The task
From the records below, take each line where the string "through" shows up and copy it.

Segment Start: Exercise input

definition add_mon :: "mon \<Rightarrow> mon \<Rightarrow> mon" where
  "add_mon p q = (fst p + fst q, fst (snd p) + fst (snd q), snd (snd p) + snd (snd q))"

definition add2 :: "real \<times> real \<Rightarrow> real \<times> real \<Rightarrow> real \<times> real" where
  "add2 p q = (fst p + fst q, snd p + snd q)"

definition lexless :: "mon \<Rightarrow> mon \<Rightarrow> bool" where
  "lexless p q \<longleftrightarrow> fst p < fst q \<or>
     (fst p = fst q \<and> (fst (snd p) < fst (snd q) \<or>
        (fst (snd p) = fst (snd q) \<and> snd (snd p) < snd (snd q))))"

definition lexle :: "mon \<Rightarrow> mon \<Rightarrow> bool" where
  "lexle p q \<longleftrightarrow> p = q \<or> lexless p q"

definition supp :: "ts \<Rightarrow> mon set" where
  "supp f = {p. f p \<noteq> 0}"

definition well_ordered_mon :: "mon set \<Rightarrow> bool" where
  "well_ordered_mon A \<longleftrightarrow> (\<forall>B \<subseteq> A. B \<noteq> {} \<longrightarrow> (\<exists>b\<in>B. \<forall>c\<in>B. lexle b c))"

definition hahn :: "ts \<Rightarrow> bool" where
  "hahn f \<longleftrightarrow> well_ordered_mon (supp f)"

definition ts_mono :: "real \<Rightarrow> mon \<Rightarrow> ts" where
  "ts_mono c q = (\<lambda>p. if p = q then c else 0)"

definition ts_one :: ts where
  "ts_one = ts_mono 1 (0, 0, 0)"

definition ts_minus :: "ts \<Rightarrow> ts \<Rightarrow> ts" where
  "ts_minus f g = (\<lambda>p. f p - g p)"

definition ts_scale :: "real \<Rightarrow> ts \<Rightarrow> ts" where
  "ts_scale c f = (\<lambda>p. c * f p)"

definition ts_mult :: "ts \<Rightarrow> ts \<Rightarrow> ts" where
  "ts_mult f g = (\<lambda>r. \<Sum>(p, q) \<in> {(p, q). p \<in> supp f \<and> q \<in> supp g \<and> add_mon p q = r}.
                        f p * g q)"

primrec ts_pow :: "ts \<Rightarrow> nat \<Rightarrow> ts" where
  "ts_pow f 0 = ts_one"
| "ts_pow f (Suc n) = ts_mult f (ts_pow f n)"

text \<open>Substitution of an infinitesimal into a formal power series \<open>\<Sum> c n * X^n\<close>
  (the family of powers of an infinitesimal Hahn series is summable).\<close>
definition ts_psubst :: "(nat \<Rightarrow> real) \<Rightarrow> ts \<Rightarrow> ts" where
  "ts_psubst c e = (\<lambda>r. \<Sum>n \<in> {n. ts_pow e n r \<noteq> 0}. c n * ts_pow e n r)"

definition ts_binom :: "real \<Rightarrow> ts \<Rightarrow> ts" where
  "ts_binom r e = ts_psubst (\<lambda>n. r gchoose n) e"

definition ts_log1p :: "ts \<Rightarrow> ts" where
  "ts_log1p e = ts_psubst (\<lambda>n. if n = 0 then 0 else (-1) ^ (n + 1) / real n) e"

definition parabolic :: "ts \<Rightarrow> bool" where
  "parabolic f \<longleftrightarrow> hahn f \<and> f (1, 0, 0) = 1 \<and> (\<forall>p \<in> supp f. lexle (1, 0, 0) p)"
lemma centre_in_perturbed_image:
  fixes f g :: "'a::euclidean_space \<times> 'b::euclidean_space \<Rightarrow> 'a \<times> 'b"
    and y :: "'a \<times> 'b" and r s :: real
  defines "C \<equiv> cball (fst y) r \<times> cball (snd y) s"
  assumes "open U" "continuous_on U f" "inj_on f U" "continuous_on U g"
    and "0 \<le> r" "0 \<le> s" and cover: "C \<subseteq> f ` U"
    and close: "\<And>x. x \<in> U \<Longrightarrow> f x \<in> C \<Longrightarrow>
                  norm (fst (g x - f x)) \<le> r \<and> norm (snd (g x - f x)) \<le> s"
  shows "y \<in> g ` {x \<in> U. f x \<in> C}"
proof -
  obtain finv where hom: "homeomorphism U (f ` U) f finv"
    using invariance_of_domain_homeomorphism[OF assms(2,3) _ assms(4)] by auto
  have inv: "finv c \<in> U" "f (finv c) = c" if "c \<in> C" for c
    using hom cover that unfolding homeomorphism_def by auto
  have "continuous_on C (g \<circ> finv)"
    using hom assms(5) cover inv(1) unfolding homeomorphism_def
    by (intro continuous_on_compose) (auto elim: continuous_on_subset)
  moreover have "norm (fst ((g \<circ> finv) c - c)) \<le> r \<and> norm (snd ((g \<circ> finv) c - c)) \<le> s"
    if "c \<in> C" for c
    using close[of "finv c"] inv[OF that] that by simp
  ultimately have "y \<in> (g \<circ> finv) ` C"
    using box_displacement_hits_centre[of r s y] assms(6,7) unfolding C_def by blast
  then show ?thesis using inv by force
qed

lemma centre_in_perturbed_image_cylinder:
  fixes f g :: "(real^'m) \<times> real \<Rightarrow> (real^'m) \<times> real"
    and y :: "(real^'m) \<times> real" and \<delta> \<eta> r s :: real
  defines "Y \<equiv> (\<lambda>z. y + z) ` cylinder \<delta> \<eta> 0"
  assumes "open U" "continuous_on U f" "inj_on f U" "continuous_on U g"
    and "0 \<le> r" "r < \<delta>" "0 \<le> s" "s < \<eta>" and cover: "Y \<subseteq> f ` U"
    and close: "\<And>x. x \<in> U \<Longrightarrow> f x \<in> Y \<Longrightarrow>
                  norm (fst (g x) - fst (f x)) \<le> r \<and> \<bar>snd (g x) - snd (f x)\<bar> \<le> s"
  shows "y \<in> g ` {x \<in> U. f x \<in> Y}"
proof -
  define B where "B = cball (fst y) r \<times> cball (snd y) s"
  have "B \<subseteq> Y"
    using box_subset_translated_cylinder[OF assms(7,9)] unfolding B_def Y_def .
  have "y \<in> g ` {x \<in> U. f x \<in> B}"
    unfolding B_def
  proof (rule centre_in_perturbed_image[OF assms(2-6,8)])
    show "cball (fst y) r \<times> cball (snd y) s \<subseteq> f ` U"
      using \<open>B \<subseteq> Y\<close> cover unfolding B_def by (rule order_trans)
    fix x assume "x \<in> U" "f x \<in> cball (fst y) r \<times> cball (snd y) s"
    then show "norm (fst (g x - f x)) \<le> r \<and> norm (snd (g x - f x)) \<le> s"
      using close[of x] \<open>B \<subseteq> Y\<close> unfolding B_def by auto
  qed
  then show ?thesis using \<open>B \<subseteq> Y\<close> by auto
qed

Segment End: Exercise input
Segment Start: Exercise input

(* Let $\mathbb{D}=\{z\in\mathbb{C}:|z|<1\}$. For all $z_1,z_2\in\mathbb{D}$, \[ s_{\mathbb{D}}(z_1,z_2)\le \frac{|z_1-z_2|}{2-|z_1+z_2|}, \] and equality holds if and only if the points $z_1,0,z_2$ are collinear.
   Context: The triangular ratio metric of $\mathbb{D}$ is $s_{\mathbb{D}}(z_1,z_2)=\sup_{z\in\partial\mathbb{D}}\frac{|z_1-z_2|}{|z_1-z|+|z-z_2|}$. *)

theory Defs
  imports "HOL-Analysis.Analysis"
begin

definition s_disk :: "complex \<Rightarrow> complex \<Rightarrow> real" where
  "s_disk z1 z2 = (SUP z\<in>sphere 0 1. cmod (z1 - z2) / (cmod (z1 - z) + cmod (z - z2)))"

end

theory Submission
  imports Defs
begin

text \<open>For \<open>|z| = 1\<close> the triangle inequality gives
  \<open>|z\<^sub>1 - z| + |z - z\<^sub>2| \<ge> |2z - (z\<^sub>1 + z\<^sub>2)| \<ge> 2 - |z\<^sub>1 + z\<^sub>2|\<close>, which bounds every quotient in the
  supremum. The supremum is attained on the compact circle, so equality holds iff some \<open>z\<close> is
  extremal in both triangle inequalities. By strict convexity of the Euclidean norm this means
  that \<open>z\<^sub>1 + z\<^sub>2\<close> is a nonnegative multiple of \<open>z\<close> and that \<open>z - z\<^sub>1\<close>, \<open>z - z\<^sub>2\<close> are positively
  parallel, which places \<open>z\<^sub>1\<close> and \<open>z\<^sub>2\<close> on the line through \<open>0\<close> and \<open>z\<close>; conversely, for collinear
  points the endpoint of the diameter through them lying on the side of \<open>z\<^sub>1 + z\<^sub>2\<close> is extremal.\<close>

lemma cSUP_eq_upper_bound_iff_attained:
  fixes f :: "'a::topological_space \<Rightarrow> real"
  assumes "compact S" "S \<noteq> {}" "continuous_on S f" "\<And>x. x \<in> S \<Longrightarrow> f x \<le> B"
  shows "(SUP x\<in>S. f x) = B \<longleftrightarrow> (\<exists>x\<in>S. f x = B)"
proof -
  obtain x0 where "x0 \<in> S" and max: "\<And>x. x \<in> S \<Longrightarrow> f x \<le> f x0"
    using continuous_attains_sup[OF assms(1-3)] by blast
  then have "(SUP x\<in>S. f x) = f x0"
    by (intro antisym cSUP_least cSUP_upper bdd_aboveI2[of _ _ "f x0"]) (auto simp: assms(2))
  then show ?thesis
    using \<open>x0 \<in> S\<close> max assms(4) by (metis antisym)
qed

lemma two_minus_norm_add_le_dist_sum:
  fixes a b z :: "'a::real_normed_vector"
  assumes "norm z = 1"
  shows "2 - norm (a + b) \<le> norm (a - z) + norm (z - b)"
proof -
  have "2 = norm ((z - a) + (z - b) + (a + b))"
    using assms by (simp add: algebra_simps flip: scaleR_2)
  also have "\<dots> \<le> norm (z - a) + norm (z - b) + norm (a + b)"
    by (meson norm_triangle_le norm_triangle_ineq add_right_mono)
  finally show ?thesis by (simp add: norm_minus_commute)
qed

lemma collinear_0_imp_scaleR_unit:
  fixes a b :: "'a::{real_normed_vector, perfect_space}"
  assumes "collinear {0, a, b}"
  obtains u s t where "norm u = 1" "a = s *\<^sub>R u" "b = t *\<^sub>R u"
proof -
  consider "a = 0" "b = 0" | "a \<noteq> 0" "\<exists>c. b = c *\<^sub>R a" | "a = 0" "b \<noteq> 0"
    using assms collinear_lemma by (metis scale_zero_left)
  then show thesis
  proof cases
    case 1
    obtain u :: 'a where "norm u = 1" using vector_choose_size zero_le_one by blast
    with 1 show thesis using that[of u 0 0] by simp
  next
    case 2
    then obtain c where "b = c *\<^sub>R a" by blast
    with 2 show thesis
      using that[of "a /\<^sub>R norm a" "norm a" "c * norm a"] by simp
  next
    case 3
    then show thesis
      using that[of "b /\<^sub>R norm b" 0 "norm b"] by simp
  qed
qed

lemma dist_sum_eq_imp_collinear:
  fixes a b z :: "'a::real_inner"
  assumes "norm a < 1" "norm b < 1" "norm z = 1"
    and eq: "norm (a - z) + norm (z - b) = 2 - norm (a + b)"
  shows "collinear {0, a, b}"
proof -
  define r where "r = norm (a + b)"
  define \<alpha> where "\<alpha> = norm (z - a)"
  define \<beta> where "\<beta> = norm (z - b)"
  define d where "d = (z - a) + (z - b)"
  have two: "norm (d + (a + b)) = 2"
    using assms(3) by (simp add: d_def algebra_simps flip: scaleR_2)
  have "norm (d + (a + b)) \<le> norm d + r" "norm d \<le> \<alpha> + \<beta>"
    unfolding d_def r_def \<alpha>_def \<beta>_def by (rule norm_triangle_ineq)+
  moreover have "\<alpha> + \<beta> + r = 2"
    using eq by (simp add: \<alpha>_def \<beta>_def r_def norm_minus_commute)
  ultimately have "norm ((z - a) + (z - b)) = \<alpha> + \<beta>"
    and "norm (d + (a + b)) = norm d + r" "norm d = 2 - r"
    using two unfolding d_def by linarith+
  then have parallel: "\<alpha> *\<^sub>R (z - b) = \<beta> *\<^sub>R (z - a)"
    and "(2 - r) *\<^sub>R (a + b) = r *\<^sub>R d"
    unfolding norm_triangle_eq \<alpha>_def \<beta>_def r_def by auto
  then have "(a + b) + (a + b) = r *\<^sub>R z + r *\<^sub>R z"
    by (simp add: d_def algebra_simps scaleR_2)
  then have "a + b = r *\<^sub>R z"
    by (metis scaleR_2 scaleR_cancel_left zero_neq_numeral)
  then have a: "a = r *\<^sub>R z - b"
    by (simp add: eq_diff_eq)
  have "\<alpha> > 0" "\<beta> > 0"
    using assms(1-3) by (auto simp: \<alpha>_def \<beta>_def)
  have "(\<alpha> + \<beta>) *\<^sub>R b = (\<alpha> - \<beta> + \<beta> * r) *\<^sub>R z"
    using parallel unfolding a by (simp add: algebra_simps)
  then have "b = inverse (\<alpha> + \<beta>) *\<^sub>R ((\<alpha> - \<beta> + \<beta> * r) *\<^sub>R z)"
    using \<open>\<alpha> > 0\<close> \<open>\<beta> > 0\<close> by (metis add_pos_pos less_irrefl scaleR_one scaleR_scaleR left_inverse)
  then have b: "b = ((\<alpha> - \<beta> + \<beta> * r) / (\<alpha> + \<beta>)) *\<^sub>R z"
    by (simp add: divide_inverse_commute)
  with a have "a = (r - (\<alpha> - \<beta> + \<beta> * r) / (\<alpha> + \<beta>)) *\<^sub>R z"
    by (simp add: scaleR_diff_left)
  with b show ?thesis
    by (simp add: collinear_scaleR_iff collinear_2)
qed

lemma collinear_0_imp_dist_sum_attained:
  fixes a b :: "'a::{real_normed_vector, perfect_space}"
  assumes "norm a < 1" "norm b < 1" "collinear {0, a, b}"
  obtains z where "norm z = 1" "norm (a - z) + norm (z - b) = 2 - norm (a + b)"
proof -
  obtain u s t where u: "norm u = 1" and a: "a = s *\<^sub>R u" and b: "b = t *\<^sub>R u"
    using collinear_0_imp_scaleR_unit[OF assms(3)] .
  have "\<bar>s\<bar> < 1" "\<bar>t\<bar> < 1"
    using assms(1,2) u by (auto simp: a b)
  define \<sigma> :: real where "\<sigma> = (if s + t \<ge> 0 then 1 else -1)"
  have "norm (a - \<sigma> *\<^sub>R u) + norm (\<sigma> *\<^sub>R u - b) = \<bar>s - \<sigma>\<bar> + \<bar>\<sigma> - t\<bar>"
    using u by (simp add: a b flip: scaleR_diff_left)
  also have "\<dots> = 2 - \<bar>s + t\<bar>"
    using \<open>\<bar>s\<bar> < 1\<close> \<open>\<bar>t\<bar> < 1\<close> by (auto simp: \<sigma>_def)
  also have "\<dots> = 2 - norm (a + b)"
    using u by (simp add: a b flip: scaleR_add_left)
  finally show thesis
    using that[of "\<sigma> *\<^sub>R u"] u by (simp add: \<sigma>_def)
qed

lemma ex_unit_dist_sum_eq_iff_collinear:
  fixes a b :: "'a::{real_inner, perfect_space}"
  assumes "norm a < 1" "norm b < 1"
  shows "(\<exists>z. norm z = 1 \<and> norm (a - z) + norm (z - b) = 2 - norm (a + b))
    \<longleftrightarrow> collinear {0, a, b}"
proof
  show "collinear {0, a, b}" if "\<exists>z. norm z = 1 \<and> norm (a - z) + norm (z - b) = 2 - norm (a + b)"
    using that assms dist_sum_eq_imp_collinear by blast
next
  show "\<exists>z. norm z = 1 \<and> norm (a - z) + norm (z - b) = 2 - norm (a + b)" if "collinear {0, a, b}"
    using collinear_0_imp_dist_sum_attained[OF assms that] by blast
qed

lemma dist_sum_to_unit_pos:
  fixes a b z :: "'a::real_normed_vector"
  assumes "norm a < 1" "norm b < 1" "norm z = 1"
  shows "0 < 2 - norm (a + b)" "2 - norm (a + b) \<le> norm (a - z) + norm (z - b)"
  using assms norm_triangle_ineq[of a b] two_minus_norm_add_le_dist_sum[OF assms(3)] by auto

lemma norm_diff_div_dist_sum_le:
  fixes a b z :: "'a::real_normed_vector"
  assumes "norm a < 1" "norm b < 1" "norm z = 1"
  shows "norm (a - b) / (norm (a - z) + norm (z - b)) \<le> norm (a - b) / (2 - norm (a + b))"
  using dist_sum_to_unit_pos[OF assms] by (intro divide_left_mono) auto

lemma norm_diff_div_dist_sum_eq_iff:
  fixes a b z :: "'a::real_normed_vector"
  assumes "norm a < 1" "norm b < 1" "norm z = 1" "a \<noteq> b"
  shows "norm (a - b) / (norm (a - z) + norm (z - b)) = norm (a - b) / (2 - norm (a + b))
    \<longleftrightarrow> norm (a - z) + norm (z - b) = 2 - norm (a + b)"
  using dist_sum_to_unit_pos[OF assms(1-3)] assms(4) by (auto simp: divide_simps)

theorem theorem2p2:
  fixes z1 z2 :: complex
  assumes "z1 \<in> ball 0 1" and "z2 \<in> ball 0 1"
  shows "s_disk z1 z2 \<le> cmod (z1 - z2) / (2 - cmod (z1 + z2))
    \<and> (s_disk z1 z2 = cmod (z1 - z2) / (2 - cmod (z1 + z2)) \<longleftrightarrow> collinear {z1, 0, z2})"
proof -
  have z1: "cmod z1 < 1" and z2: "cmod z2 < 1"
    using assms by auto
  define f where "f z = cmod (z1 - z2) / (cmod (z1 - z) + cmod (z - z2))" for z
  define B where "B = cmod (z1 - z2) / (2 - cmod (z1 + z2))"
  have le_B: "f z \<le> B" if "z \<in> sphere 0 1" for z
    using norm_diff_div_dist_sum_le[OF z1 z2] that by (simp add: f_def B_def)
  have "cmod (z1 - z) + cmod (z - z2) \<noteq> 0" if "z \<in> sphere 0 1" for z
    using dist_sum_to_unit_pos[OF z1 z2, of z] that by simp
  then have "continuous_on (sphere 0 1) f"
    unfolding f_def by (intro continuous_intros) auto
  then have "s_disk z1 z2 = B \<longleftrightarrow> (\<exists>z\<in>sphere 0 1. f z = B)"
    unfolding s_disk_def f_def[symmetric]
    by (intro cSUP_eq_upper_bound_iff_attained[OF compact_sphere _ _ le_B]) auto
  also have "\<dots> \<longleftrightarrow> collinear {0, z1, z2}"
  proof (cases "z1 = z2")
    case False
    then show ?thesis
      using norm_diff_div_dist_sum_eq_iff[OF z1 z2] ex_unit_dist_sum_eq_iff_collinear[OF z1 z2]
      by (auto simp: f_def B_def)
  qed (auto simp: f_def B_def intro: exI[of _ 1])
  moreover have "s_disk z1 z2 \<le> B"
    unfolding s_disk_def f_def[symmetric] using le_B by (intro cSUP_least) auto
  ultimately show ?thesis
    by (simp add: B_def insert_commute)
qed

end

Segment End: Exercise input

Exercise solution
  parallel, which places \<open>z\<^sub>1\<close> and \<open>z\<^sub>2\<close> on the line through \<open>0\<close> and \<open>z\<close>; conversely, for collinear
  points the endpoint of the diameter through them lying on the side of \<open>z\<^sub>1 + z\<^sub>2\<close> is extremal.\<close>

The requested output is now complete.